Three years into the program, I had virtually nothing that would be part of my thesis. But the good part was that the worst was over. The next 16 months or so were all about constructing the castle of my thesis brick by brick.

I’ve always been inclined towards “building systems” more than studying / reading about things, i.e. I prefer the “practical” over the “theoretical”. However, PhD [in most cases] is incomplete without theory. I couldn’t keep myself away from thinking about a practical solution approach when I saw a problem, and at the same time, I knew that PhD would keep itself away from me if I didn’t do well at theoretically backing up a proposed solution. I had to cater to both, and I was able to do it in the form of Facebook Inspector. I identified a problem [of poor quality content running riot on Facebook], gathered some data, used the all-mightly theory-heavy machine learning and natural language processing to solve the problem, and put out the solution in the form of a system for everyone to use. That’s pretty much what Facebook Inspector was [easier said than done, trust me]. It satisfied my appetite for “building” systems and at the same time, had the potential to bring theory to the scene.

I did one project and wrote a paper, then another, and another, and went on and on. Each paper (or project I took up) was completely defined by me, unlike the kind of projects I had done during the initial phase of my journey. I learnt from every project and used the learning to improve the quality of the next project. I slowly gained my confidence back. I was getting back on my feet, but somewhere inside, I knew I wasn’t the best at what I was doing. Whatever I was doing “needed to be done” more than me “wanting to do it”. Whether I wanted to do this for a career was questionable. I had come to terms with what PhD research was, but it had taken me slightly far away from what I “really” wanted to do. Would this last forever? Would things change after some time? Would I be able to get back to doing what I want and still be good enough at research? I didn’t have the answers. Moreover, I didn’t have the time to look for answers. Building a strong thesis was top priority. It was the only priority.

Meanwhile, the work I was doing [identifying poor quality content on Facebook] was getting hotter and hotter in the community. Facebook started frequenting the news; media houses held the social network responsible for the spread of one rumour or hoax after another. The relevance of my work shot up, giving me confidence to pitch my thesis as timely and important.

The summer of 2016 helped me discover a new side of me. I was one of the “senior” people in the lab by now. Our group [Precog] was getting recognition. Students from other institutes in the country (and even abroad) wanted to come to us to work. This was an opportunity to “lead” a project instead of doing one. We got lots of very smart students from different parts of the country (and the world) to work with us during the summer. This is what is now famously known as the #PrecogSummer. As for me, three smart students, 3 months of summer, and a completely new area [computer vision] produced some really exciting output. I had not only gotten into a new area of work, but also into a new role; a “project leader” of sorts. And fortunately, it all worked out well. All the three students were happy and satisfied about what they had done during the summer, and so was I. More importantly from a personal perspective, getting back to doing something that was appreciated and taken well by the advisor [PK] really helped me get back my confidence and my competence.

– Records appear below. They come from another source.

(* Let $P_1$ and $P_2$ be non-constant rational functions with real coefficients such that $\mathbb{R}(P_1,P_2)=\mathbb{R}(z)$, i.e. $P_1$ and $P_2$ generate the whole field $\mathbb{R}(z)$ of real rational functions. Then $P_1^{-1}(\widehat{\mathbb{R}})\cap P_2^{-1}(\widehat{\mathbb{R}})=\widehat{\mathbb{R}}\cup A$, where $A$ is a finite subset of $\mathbb{CP}^1$.
   Context: $\widehat{\mathbb{R}}=\mathbb{R}\cup\{\infty\}\subset\mathbb{CP}^1$ denotes the projectively extended real line; $P_1,P_2$ are viewed as maps $\mathbb{CP}^1\to\mathbb{CP}^1$ and preimages are taken in $\mathbb{CP}^1$. *)

theory Defs
  imports "HOL-Analysis.Analysis" "HOL-Computational_Algebra.Computational_Algebra" "HOL-Computational_Algebra.Field_as_Ring"
begin

text \<open>The Riemann sphere CP^1 is modelled as complex option: Some z is the finite
point z, None is the point at infinity.\<close>

type_synonym riemann_sphere = "complex option"

type_synonym real_ratfun = "real poly fract"

definition const_ratfun :: "real \<Rightarrow> real_ratfun" where
  "const_ratfun c = to_fract [:c:]"

text \<open>The rational function as a map CP^1 \<rightarrow> CP^1, computed from its reduced
representation p/q (coprime, q monic).\<close>
definition ratfun_map :: "real_ratfun \<Rightarrow> riemann_sphere \<Rightarrow> riemann_sphere" where
  "ratfun_map f w =
     (let (p, q) = quot_of_fract f;
          pc = map_poly complex_of_real p;
          qc = map_poly complex_of_real q
      in case w of
           Some z \<Rightarrow> (if poly qc z \<noteq> 0 then Some (poly pc z / poly qc z) else None)
         | None \<Rightarrow> (if degree p > degree q then None
                    else if degree p = degree q
                      then Some (complex_of_real (lead_coeff p / lead_coeff q))
                    else Some 0))"

definition ext_real_line :: "riemann_sphere set" where
  "ext_real_line = insert None (Some ` (complex_of_real ` UNIV))"

inductive_set gen_subfield :: "real_ratfun \<Rightarrow> real_ratfun \<Rightarrow> real_ratfun set"
  for P1 P2 :: real_ratfun where
  const: "const_ratfun c \<in> gen_subfield P1 P2"
| gen1: "P1 \<in> gen_subfield P1 P2"
| gen2: "P2 \<in> gen_subfield P1 P2"
| add: "f \<in> gen_subfield P1 P2 \<Longrightarrow> g \<in> gen_subfield P1 P2 \<Longrightarrow> f + g \<in> gen_subfield P1 P2"
| neg: "f \<in> gen_subfield P1 P2 \<Longrightarrow> - f \<in> gen_subfield P1 P2"
| mult: "f \<in> gen_subfield P1 P2 \<Longrightarrow> g \<in> gen_subfield P1 P2 \<Longrightarrow> f * g \<in> gen_subfield P1 P2"
| inv: "f \<in> gen_subfield P1 P2 \<Longrightarrow> inverse f \<in> gen_subfield P1 P2"

end

theory Submission
  imports Defs
begin

text \<open>Since \<open>\<real>(P1,P2) = \<real>(z)\<close>, the coordinate \<open>z\<close> is a rational expression in \<open>P1\<close> and
  \<open>P2\<close> with real coefficients. Evaluating real rational functions commutes with the field
  operations away from poles, so at every point where \<open>P1\<close> and \<open>P2\<close> take finite real
  values this expression, and hence \<open>z\<close> itself, is real, except at the finitely many poles
  of its intermediate terms.\<close>

lemma map_poly_of_real_add:
  "map_poly of_real (p + q) = (map_poly of_real p + map_poly of_real q :: 'a::real_algebra_1 poly)"
  by (intro poly_eqI) (simp add: coeff_map_poly)

lemma map_poly_of_real_uminus:
  "map_poly of_real (- p) = (- map_poly of_real p :: 'a::real_algebra_1 poly)"
  by (intro poly_eqI) (simp add: coeff_map_poly)

lemma map_poly_of_real_mult:
  "map_poly of_real (p * q) =
     (map_poly of_real p * map_poly of_real q :: 'a::{real_algebra_1,comm_ring_1} poly)"
  by (intro poly_eqI) (simp add: coeff_map_poly coeff_mult)

definition denom_poly :: "real_ratfun \<Rightarrow> complex poly" where
  "denom_poly f = map_poly of_real (snd (quot_of_fract f))"

definition ratfun_poles :: "real_ratfun \<Rightarrow> complex set" where
  "ratfun_poles f = {z. poly (denom_poly f) z = 0}"

text \<open>At a pole the division by zero makes the value a junk \<open>0\<close>.\<close>

definition ratfun_eval :: "real_ratfun \<Rightarrow> complex \<Rightarrow> complex" where
  "ratfun_eval f z = poly (map_poly of_real (fst (quot_of_fract f))) z / poly (denom_poly f) z"

lemma finite_ratfun_poles: "finite (ratfun_poles f)"
  unfolding ratfun_poles_def denom_poly_def
  by (rule poly_roots_finite) (simp add: map_poly_eq_0_iff)

lemma ratfun_map_Some:
  "ratfun_map f (Some z) = (if z \<in> ratfun_poles f then None else Some (ratfun_eval f z))"
  by (simp add: ratfun_map_def ratfun_poles_def ratfun_eval_def denom_poly_def split_beta Let_def)

lemma quot_of_fract_cross_mult:
  assumes "f = Fract a b" and "b \<noteq> 0"
  shows "fst (quot_of_fract f) * b = a * snd (quot_of_fract f)"
proof -
  have "Fract (fst (quot_of_fract f)) (snd (quot_of_fract f)) = Fract a b"
    using assms(1) by simp
  then show ?thesis
    using eq_fract(1)[OF snd_quot_of_fract_nonzero assms(2)] by blast
qed

lemma ratfun_eval_Fract:
  assumes "f = Fract a b" and "poly (map_poly of_real b) z \<noteq> (0::complex)" and "z \<notin> ratfun_poles f"
  shows "ratfun_eval f z = poly (map_poly of_real a) z / poly (map_poly of_real b) z"
proof -
  have "b \<noteq> 0"
    using assms(2) by auto
  with assms(1) have "poly (map_poly of_real (fst (quot_of_fract f))) z * poly (map_poly of_real b) z
      = poly (map_poly of_real a) z * poly (denom_poly f) z"
    by (metis quot_of_fract_cross_mult denom_poly_def map_poly_of_real_mult poly_mult)
  with assms(2,3) show ?thesis
    by (simp add: ratfun_eval_def ratfun_poles_def field_simps)
qed

lemma ratfun_eval_add:
  assumes "z \<notin> ratfun_poles f" "z \<notin> ratfun_poles g" "z \<notin> ratfun_poles (f + g)"
  shows "ratfun_eval (f + g) z = ratfun_eval f z + ratfun_eval g z"
proof -
  let ?nf = "fst (quot_of_fract f)" and ?df = "snd (quot_of_fract f)"
    and ?ng = "fst (quot_of_fract g)" and ?dg = "snd (quot_of_fract g)"
  have sum: "f + g = Fract (?nf * ?dg + ?ng * ?df) (?df * ?dg)"
    by (metis Fract_quot_of_fract add_fract snd_quot_of_fract_nonzero)
  show ?thesis
    using assms
    by (subst ratfun_eval_Fract[OF sum])
       (auto simp: ratfun_eval_def ratfun_poles_def denom_poly_def map_poly_of_real_add
          map_poly_of_real_mult add_divide_distrib)
qed

lemma ratfun_eval_uminus:
  assumes "z \<notin> ratfun_poles f" "z \<notin> ratfun_poles (- f)"
  shows "ratfun_eval (- f) z = - ratfun_eval f z"
proof -
  have neg: "- f = Fract (- fst (quot_of_fract f)) (snd (quot_of_fract f))"
    by (metis Fract_quot_of_fract minus_fract)
  show ?thesis
    using assms
    by (subst ratfun_eval_Fract[OF neg])
       (auto simp: ratfun_eval_def ratfun_poles_def denom_poly_def map_poly_of_real_uminus)
qed

lemma ratfun_eval_mult:
  assumes "z \<notin> ratfun_poles f" "z \<notin> ratfun_poles g" "z \<notin> ratfun_poles (f * g)"
  shows "ratfun_eval (f * g) z = ratfun_eval f z * ratfun_eval g z"
proof -
  have prod: "f * g = Fract (fst (quot_of_fract f) * fst (quot_of_fract g))
                      (snd (quot_of_fract f) * snd (quot_of_fract g))"
    by (metis Fract_quot_of_fract mult_fract)
  show ?thesis
    using assms
    by (subst ratfun_eval_Fract[OF prod])
       (auto simp: ratfun_eval_def ratfun_poles_def denom_poly_def map_poly_of_real_mult)
qed

lemma ratfun_eval_inverse:
  assumes "z \<notin> ratfun_poles f" "z \<notin> ratfun_poles (inverse f)"
  shows "ratfun_eval (inverse f) z = inverse (ratfun_eval f z)"
proof (cases "f = 0")
  case True
  then show ?thesis by (simp add: ratfun_eval_def)
next
  case False
  let ?nf = "fst (quot_of_fract f)" and ?df = "snd (quot_of_fract f)"
  have inv_f: "inverse f = Fract ?df ?nf"
    by (metis Fract_quot_of_fract inverse_fract)
  have "?nf \<noteq> 0"
    using False by simp
  with inv_f have "poly (map_poly of_real (fst (quot_of_fract (inverse f)))) z * poly (map_poly of_real ?nf) z
      = poly (denom_poly f) z * poly (denom_poly (inverse f)) z"
    by (metis quot_of_fract_cross_mult denom_poly_def map_poly_of_real_mult poly_mult)
  then have "poly (map_poly of_real ?nf) z \<noteq> (0::complex)"
    using assms by (auto simp: ratfun_poles_def)
  then show ?thesis
    using assms by (subst ratfun_eval_Fract[OF inv_f]) (auto simp: ratfun_eval_def denom_poly_def)
qed

lemma ratfun_eval_const [simp]: "ratfun_eval (const_ratfun c) z = of_real c"
  by (simp add: const_ratfun_def ratfun_eval_def denom_poly_def map_poly_pCons)

lemma ratfun_eval_to_fract_X [simp]: "ratfun_eval (to_fract [:0, 1:]) z = z"
  by (simp add: ratfun_eval_def denom_poly_def map_poly_pCons)

lemma ratfun_eval_cnj: "ratfun_eval f (cnj z) = cnj (ratfun_eval f z)"
  unfolding ratfun_eval_def denom_poly_def by (simp add: poly_cnj_real coeff_map_poly)

lemma ratfun_eval_real: "z \<in> \<real> \<Longrightarrow> ratfun_eval f z \<in> \<real>"
  by (metis Reals_cnj_iff ratfun_eval_cnj)

lemma Some_in_ext_real_line_iff [simp]: "Some z \<in> ext_real_line \<longleftrightarrow> z \<in> \<real>"
  by (auto simp: ext_real_line_def Reals_def)

lemma None_in_ext_real_line [simp]: "None \<in> ext_real_line"
  by (simp add: ext_real_line_def)

lemma ratfun_map_Some_in_ext_real_line_iff:
  "ratfun_map f (Some z) \<in> ext_real_line \<longleftrightarrow> z \<in> ratfun_poles f \<or> ratfun_eval f z \<in> \<real>"
  by (simp add: ratfun_map_Some)

lemma ratfun_map_ext_real_line:
  assumes "w \<in> ext_real_line"
  shows "ratfun_map f w \<in> ext_real_line"
proof (cases w)
  case None
  then show ?thesis
    by (auto simp: ratfun_map_def split_beta Let_def ext_real_line_def simp flip: of_real_divide)
next
  case (Some z)
  with assms show ?thesis
    by (simp add: ratfun_map_Some_in_ext_real_line_iff ratfun_eval_real)
qed

definition common_real_points :: "real_ratfun \<Rightarrow> real_ratfun \<Rightarrow> complex set" where
  "common_real_points P1 P2 =
     {z. z \<notin> ratfun_poles P1 \<and> z \<notin> ratfun_poles P2 \<and>
         ratfun_eval P1 z \<in> \<real> \<and> ratfun_eval P2 z \<in> \<real>}"

lemma finite_nonreal_values_on_common_real_points:
  assumes "f \<in> gen_subfield P1 P2"
  shows "finite {z \<in> common_real_points P1 P2. ratfun_eval f z \<notin> \<real>}"
  (is "finite (?E f)")
  using assms
proof (induction rule: gen_subfield.induct)
  case (const c)
  then show ?case by simp
next
  case gen1
  have "?E P1 = {}"
    by (auto simp: common_real_points_def)
  then show ?case
    by (metis finite.emptyI)
next
  case gen2
  have "?E P2 = {}"
    by (auto simp: common_real_points_def)
  then show ?case
    by (metis finite.emptyI)
next
  case (add f g)
  have "?E (f + g) \<subseteq> ?E f \<union> ?E g \<union> ratfun_poles f \<union> ratfun_poles g \<union> ratfun_poles (f + g)"
    by (auto simp: ratfun_eval_add)
  then show ?case
    using add.IH finite_ratfun_poles by (meson finite_Un finite_subset)
next
  case (neg f)
  have "?E (- f) \<subseteq> ?E f \<union> ratfun_poles f \<union> ratfun_poles (- f)"
    by (auto simp: ratfun_eval_uminus)
  then show ?case
    using neg.IH finite_ratfun_poles by (meson finite_Un finite_subset)
next
  case (mult f g)
  have "?E (f * g) \<subseteq> ?E f \<union> ?E g \<union> ratfun_poles f \<union> ratfun_poles g \<union> ratfun_poles (f * g)"
    by (auto simp: ratfun_eval_mult)
  then show ?case
    using mult.IH finite_ratfun_poles by (meson finite_Un finite_subset)
next
  case (inv f)
  have "?E (inverse f) \<subseteq> ?E f \<union> ratfun_poles f \<union> ratfun_poles (inverse f)"
    by (auto simp: ratfun_eval_inverse)
  then show ?case
    using inv.IH finite_ratfun_poles by (meson finite_Un finite_subset)
qed

theorem theorem3:
  fixes P1 P2 :: real_ratfun
  assumes "\<forall>c. P1 \<noteq> const_ratfun c"
    and "\<forall>c. P2 \<noteq> const_ratfun c"
    and "gen_subfield P1 P2 = UNIV"
  shows "\<exists>A :: riemann_sphere set. finite A \<and>
           ratfun_map P1 -` ext_real_line \<inter> ratfun_map P2 -` ext_real_line
             = ext_real_line \<union> A"
proof -
  let ?I = "ratfun_map P1 -` ext_real_line \<inter> ratfun_map P2 -` ext_real_line"
  let ?B = "ratfun_poles P1 \<union> ratfun_poles P2 \<union> {z \<in> common_real_points P1 P2. z \<notin> \<real>}"
  have "finite {z \<in> common_real_points P1 P2. ratfun_eval (to_fract [:0, 1:]) z \<notin> \<real>}"
    using assms(3) by (intro finite_nonreal_values_on_common_real_points) simp
  then have "finite (Some ` ?B)"
    using finite_ratfun_poles by simp
  moreover have "?I - ext_real_line \<subseteq> Some ` ?B"
  proof
    fix w
    assume w: "w \<in> ?I - ext_real_line"
    then obtain z where "w = Some z"
      by (cases w) auto
    with w show "w \<in> Some ` ?B"
      by (auto simp: ratfun_map_Some_in_ext_real_line_iff common_real_points_def)
  qed
  moreover have "ext_real_line \<subseteq> ?I"
    using ratfun_map_ext_real_line by blast
  ultimately show ?thesis
    by (intro exI[of _ "?I - ext_real_line"]) (auto intro: finite_subset)
qed

end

It was at this point that I started getting back to being my confident self again, without worrying too much about what would happen to my PhD. PK had shown faith in me, helped me get back on my feet, encouraged me and made me believe that I still belonged to this league. Looking back now, I realise how big a risk he took with me. An unsuccessful PhD candidate doesn’t look pretty on any professor’s profile. He took the risk anyway (and I’d like to believe he would feel it was worth it :P). The advisor showing faith and trust in you is a game-changing phenomenon during PhD life. I’ve been lucky to have experienced this phenomenon.

Mind you, everything I did during this phase, had still not converted to acceptable output. I barely got enough to keep me afloat, but I needed more papers accepted at better places to have a strong enough / defendable thesis. Rejected drafts kept piling on. I kept on resubmitting to different venues. By January 2017, I had done enough work to make up [what I thought would be] an acceptable thesis. PK and I had already agreed on this. It was time to start wrapping up. More “new” work wasn’t needed, but existing work needed fixes and acceptance in the community. However, this wasn’t reason enough to stay a PhD student for long. It was time to move on, to start looking for a job, for a life after PhD.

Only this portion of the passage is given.